> **EXERCISE REQUIREMENTS**: Provide the number of lines in the records that hold the string "metis", without any other words.

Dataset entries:

=== Section Start ===

lemma coordinate_map_commutes_iff:
  assumes \<alpha>_N: "\<And>a. \<alpha> (N a) = N (\<alpha> a)" and \<beta>_NM: "\<And>u. \<beta> (NM u) = NM (\<beta> u)"
    and "Vector_Spaces.linear sM sM \<beta>" "Vector_Spaces.linear sA sM lam"
  shows "(\<forall>x. coordinate_map \<alpha> \<beta> lam (NE x) = NE (coordinate_map \<alpha> \<beta> lam x)) \<longleftrightarrow>
         (\<forall>a. \<beta> (F a) - F (\<alpha> a) = NM (lam a) - lam (N a))"
proof -
  interpret \<beta>: Vector_Spaces.linear sM sM \<beta> by fact
  interpret lam: Vector_Spaces.linear sA sM lam by fact
  let ?\<phi> = "coordinate_map \<alpha> \<beta> lam"
  have coordinates: "?\<phi> (NE (s a + i u)) = NE (?\<phi> (s a + i u))
      \<longleftrightarrow> lam (N a) + \<beta> (F a + NM u) = F (\<alpha> a) + NM (lam a + \<beta> u)" for a u
    by (simp add: NE_coordinates coordinate_map_coordinates section_decomposition_eq_iff \<alpha>_N
        inj_eq[OF inj_i])
  show ?thesis
  proof
    assume "\<forall>x. ?\<phi> (NE x) = NE (?\<phi> x)"
    then show "\<forall>a. \<beta> (F a) - F (\<alpha> a) = NM (lam a) - lam (N a)"
      using coordinates[where u = 0] by (simp add: algebra_simps)
  next
    assume "\<forall>a. \<beta> (F a) - F (\<alpha> a) = NM (lam a) - lam (N a)"
    then have "lam (N a) + \<beta> (F a + NM u) = F (\<alpha> a) + NM (lam a + \<beta> u)" for a u
      by (simp add: \<beta>.add NM.add \<beta>_NM algebra_simps)
    then show "\<forall>x. ?\<phi> (NE x) = NE (?\<phi> x)"
      using coordinates by (metis section_decomposition)
  qed
qed

lemma inducing_map_is_coordinate_map:
  assumes "Vector_Spaces.linear sE sE \<phi>" "Vector_Spaces.linear sA sA \<alpha>"
    and \<phi>_i: "\<And>u. \<phi> (i u) = i (\<beta> u)" and p_\<phi>_s: "\<And>a. p (\<phi> (s a)) = \<alpha> a"
  obtains lam where "Vector_Spaces.linear sA sM lam" "\<phi> = coordinate_map \<alpha> \<beta> lam"
proof
  interpret \<phi>: Vector_Spaces.linear sE sE \<phi> by fact
  interpret \<alpha>: Vector_Spaces.linear sA sA \<alpha> by fact
  define lam where "lam a = inv i (\<phi> (s a) - s (\<alpha> a))" for a
  have i_lam: "i (lam a) = \<phi> (s a) - s (\<alpha> a)" for a
  proof -
    have "\<phi> (s a) - s (\<alpha> a) \<in> range i"
      using range_i by (simp add: p.diff p_\<phi>_s)
    then show ?thesis
      by (simp add: lam_def f_inv_into_f)
  qed
  have "lam (a + b) = lam a + lam b" for a b
  proof -
    have "i (lam (a + b)) = (\<phi> (s a) - s (\<alpha> a)) + (\<phi> (s b) - s (\<alpha> b))"
      by (simp add: i_lam \<phi>.add s.add \<alpha>.add)
    then show ?thesis
      by (simp add: i_lam inj_eq[OF inj_i, symmetric] i.add)
  qed
  moreover have "lam (sA c a) = sM c (lam a)" for c a
    using i_lam[of "sA c a"] i_lam[of a]
    by (simp add: inj_eq[OF inj_i, symmetric] i.scale \<phi>.scale s.scale \<alpha>.scale
        s.vs2.scale_right_diff_distrib)
  ultimately show "Vector_Spaces.linear sA sM lam"
    by (simp add: Vector_Spaces.linear_iff s.vs1.vector_space_axioms i.vs1.vector_space_axioms)
  show "\<phi> = coordinate_map \<alpha> \<beta> lam"
  proof
    fix x
    obtain a u where x: "x = s a + i u"
      by (rule section_decomposition)
    show "\<phi> x = coordinate_map \<alpha> \<beta> lam x"
      using i_lam[of a] by (simp add: x coordinate_map_coordinates \<phi>.add \<phi>_i i.add)
  qed
qed

lemma inducible_iff_coordinate_map_aut:
  assumes "Vector_Spaces.linear sA sA \<alpha>" "Vector_Spaces.linear sM sM \<beta>"
  shows "inducible sE mulE NE i p s \<beta> \<alpha> \<longleftrightarrow>
    (\<exists>lam. Vector_Spaces.linear sA sM lam \<and> nij_alg_aut sE mulE NE (coordinate_map \<alpha> \<beta> lam))"
proof
  assume "inducible sE mulE NE i p s \<beta> \<alpha>"
  then obtain \<phi> where aut: "nij_alg_aut sE mulE NE \<phi>"
    and "\<And>u. \<phi> (i u) = i (\<beta> u)" "\<And>a. p (\<phi> (s a)) = \<alpha> a"
    unfolding inducible_def by blast
  moreover from aut have "Vector_Spaces.linear sE sE \<phi>"
    by (simp add: nij_alg_aut_def nij_alg_hom_def)
  ultimately show "\<exists>lam. Vector_Spaces.linear sA sM lam \<and> nij_alg_aut sE mulE NE (coordinate_map \<alpha> \<beta> lam)"
    using inducing_map_is_coordinate_map[OF _ assms(1)] by metis
next
  assume "\<exists>lam. Vector_Spaces.linear sA sM lam \<and> nij_alg_aut sE mulE NE (coordinate_map \<alpha> \<beta> lam)"
  then show "inducible sE mulE NE i p s \<beta> \<alpha>"
    unfolding inducible_def
    using coordinate_map_i[OF assms(1)] p_coordinate_map_s[OF assms(2)] by blast
qed

lemma coordinate_map_aut_iff:
  assumes \<alpha>: "nij_alg_aut sA mulA N \<alpha>" and \<beta>: "nij_mod_aut sM NM \<beta>"
    and lam: "Vector_Spaces.linear sA sM lam"
  shows "nij_alg_aut sE mulE NE (coordinate_map \<alpha> \<beta> lam) \<longleftrightarrow>
    (\<forall>a u. \<beta> (l a u) = l (\<alpha> a) (\<beta> u) \<and> \<beta> (r u a) = r (\<beta> u) (\<alpha> a)) \<and>
    (\<forall>a b. \<beta> (\<chi> a b) - \<chi> (\<alpha> a) (\<alpha> b) =
           l (\<alpha> a) (lam b) + r (lam a) (\<alpha> b) - lam (mulA a b)) \<and>
    (\<forall>a. \<beta> (F a) - F (\<alpha> a) = NM (lam a) - lam (N a))"
proof -
  have "Vector_Spaces.linear sA sA \<alpha>" "bij \<alpha>" "\<And>a b. \<alpha> (mulA a b) = mulA (\<alpha> a) (\<alpha> b)"
    "\<And>a. \<alpha> (N a) = N (\<alpha> a)"
    using \<alpha> by (simp_all add: nij_alg_aut_def nij_alg_hom_def)
  moreover have "Vector_Spaces.linear sM sM \<beta>" "bij \<beta>" "\<And>u. \<beta> (NM u) = NM (\<beta> u)"
    using \<beta> by (simp_all add: nij_mod_aut_def)
  ultimately show ?thesis
    unfolding nij_alg_aut_def nij_alg_hom_def
    by (simp add: lam coordinate_map_linear coordinate_map_bij coordinate_map_multiplicative_iff
        coordinate_map_commutes_iff)
qed

end

theorem proposition5p1:
  fixes sA :: "'k::field_char_0 \<Rightarrow> 'a::ab_group_add \<Rightarrow> 'a"
    and mulA :: "'a \<Rightarrow> 'a \<Rightarrow> 'a" and N :: "'a \<Rightarrow> 'a"
    and sM :: "'k \<Rightarrow> 'm::ab_group_add \<Rightarrow> 'm"
    and l :: "'a \<Rightarrow> 'm \<Rightarrow> 'm" and r :: "'m \<Rightarrow> 'a \<Rightarrow> 'm" and NM :: "'m \<Rightarrow> 'm"
    and sE :: "'k \<Rightarrow> 'e::ab_group_add \<Rightarrow> 'e"
    and mulE :: "'e \<Rightarrow> 'e \<Rightarrow> 'e" and NE :: "'e \<Rightarrow> 'e"
    and i :: "'m \<Rightarrow> 'e" and p :: "'e \<Rightarrow> 'a" and s :: "'a \<Rightarrow> 'e"
    and \<chi> :: "'a \<Rightarrow> 'a \<Rightarrow> 'm" and F :: "'a \<Rightarrow> 'm"
    and \<beta> :: "'m \<Rightarrow> 'm" and \<alpha> :: "'a \<Rightarrow> 'a"
  assumes bimod: "nijenhuis_bimodule sA mulA N sM l r NM"
    and ext: "abelian_extension sA mulA N sM NM sE mulE NE i p"
    and induced_l: "\<forall>a u. i (l a u) = mulE (s a) (i u)"
    and induced_r: "\<forall>a u. i (r u a) = mulE (i u) (s a)"
    and sec: "linear_section sA sE p s"
    and chi_def: "\<forall>a b. i (\<chi> a b) = mulE (s a) (s b) - s (mulA a b)"
    and F_def: "\<forall>a. i (F a) = NE (s a) - s (N a)"
    and beta_aut: "nij_mod_aut sM NM \<beta>"
    and alpha_aut: "nij_alg_aut sA mulA N \<alpha>"
  shows "inducible sE mulE NE i p s \<beta> \<alpha> \<longleftrightarrow>
     ((\<forall>a u. \<beta> (l a u) = l (\<alpha> a) (\<beta> u) \<and> \<beta> (r u a) = r (\<beta> u) (\<alpha> a)) \<and>
      (\<exists>lam. Vector_Spaces.linear sA sM lam \<and>
         (\<forall>a b. \<beta> (\<chi> a b) - \<chi> (\<alpha> a) (\<alpha> b) =
                 l (\<alpha> a) (lam b) + r (lam a) (\<alpha> b) - lam (mulA a b)) \<and>
         (\<forall>a. \<beta> (F a) - F (\<alpha> a) = NM (lam a) - lam (N a))))"
proof -
  interpret abelian_extension_with_section sA mulA N sM l r NM sE mulE NE i p s \<chi> F
    using bimod ext induced_l induced_r sec chi_def F_def by unfold_locales blast+
  have "Vector_Spaces.linear sA sA \<alpha>" "Vector_Spaces.linear sM sM \<beta>"
    using alpha_aut beta_aut by (simp_all add: nij_alg_aut_def nij_alg_hom_def nij_mod_aut_def)
  then have "inducible sE mulE NE i p s \<beta> \<alpha> \<longleftrightarrow>
      (\<exists>lam. Vector_Spaces.linear sA sM lam \<and> nij_alg_aut sE mulE NE (coordinate_map \<alpha> \<beta> lam))"
    by (rule inducible_iff_coordinate_map_aut)
  then show ?thesis
    using coordinate_map_aut_iff[OF alpha_aut beta_aut] by blast
qed

end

=== Section End ===

> **YOUR SOLUTION**: 2